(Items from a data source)
Segment Open

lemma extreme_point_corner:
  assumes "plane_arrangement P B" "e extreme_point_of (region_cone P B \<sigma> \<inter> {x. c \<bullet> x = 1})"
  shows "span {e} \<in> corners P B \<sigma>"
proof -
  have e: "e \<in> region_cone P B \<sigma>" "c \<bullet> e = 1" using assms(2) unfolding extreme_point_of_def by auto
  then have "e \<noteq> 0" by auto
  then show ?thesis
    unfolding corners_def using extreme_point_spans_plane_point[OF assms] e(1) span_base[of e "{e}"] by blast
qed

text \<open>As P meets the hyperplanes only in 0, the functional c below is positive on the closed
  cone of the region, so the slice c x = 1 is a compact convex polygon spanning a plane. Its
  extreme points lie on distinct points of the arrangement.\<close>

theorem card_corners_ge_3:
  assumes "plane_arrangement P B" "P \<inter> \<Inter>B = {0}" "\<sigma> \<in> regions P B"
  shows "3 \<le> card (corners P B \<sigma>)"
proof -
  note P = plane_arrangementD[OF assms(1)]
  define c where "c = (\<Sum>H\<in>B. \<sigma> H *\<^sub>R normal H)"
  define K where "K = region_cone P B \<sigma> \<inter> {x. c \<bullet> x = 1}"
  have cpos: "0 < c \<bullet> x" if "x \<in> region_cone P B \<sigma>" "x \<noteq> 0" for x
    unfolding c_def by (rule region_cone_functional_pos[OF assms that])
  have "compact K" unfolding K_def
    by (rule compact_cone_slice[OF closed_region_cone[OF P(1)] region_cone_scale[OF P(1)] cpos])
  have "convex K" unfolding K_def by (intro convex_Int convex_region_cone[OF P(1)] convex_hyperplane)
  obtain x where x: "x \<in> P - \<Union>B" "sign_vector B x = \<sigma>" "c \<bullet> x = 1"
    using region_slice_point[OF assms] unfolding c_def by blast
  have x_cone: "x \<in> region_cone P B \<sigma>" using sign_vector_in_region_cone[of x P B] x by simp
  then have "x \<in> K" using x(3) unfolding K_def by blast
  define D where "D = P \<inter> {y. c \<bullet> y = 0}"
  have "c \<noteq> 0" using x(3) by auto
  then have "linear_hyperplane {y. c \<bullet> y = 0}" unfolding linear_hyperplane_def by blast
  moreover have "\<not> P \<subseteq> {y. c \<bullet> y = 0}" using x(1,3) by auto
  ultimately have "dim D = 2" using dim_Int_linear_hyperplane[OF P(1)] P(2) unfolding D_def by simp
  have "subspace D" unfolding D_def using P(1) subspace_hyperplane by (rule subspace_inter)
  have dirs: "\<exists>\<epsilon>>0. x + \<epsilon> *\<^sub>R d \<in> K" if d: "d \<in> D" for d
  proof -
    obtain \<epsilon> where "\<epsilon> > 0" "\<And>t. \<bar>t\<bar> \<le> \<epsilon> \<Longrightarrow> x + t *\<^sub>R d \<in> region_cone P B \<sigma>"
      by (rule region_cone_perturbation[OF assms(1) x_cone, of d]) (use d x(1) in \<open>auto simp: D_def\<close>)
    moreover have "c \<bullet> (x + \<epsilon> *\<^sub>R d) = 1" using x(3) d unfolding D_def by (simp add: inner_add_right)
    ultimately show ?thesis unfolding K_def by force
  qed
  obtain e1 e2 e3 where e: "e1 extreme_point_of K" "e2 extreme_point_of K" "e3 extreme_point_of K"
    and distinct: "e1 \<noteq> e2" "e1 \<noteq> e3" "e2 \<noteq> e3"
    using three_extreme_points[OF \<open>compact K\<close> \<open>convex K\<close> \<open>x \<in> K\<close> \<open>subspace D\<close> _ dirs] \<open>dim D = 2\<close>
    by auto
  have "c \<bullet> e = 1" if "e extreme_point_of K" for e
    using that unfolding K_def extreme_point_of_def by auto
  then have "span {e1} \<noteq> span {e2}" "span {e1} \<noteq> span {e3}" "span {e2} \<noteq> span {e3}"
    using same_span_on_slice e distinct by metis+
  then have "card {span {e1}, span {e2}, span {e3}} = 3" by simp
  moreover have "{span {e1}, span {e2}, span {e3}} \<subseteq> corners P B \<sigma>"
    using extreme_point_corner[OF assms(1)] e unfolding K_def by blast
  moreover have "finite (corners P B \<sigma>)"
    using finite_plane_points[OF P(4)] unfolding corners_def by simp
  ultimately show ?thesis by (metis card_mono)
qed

Segment Closed

**Task instructions**
In the records above, how many lines contain the word "dirs"? State only the number.

**Result of the task**
2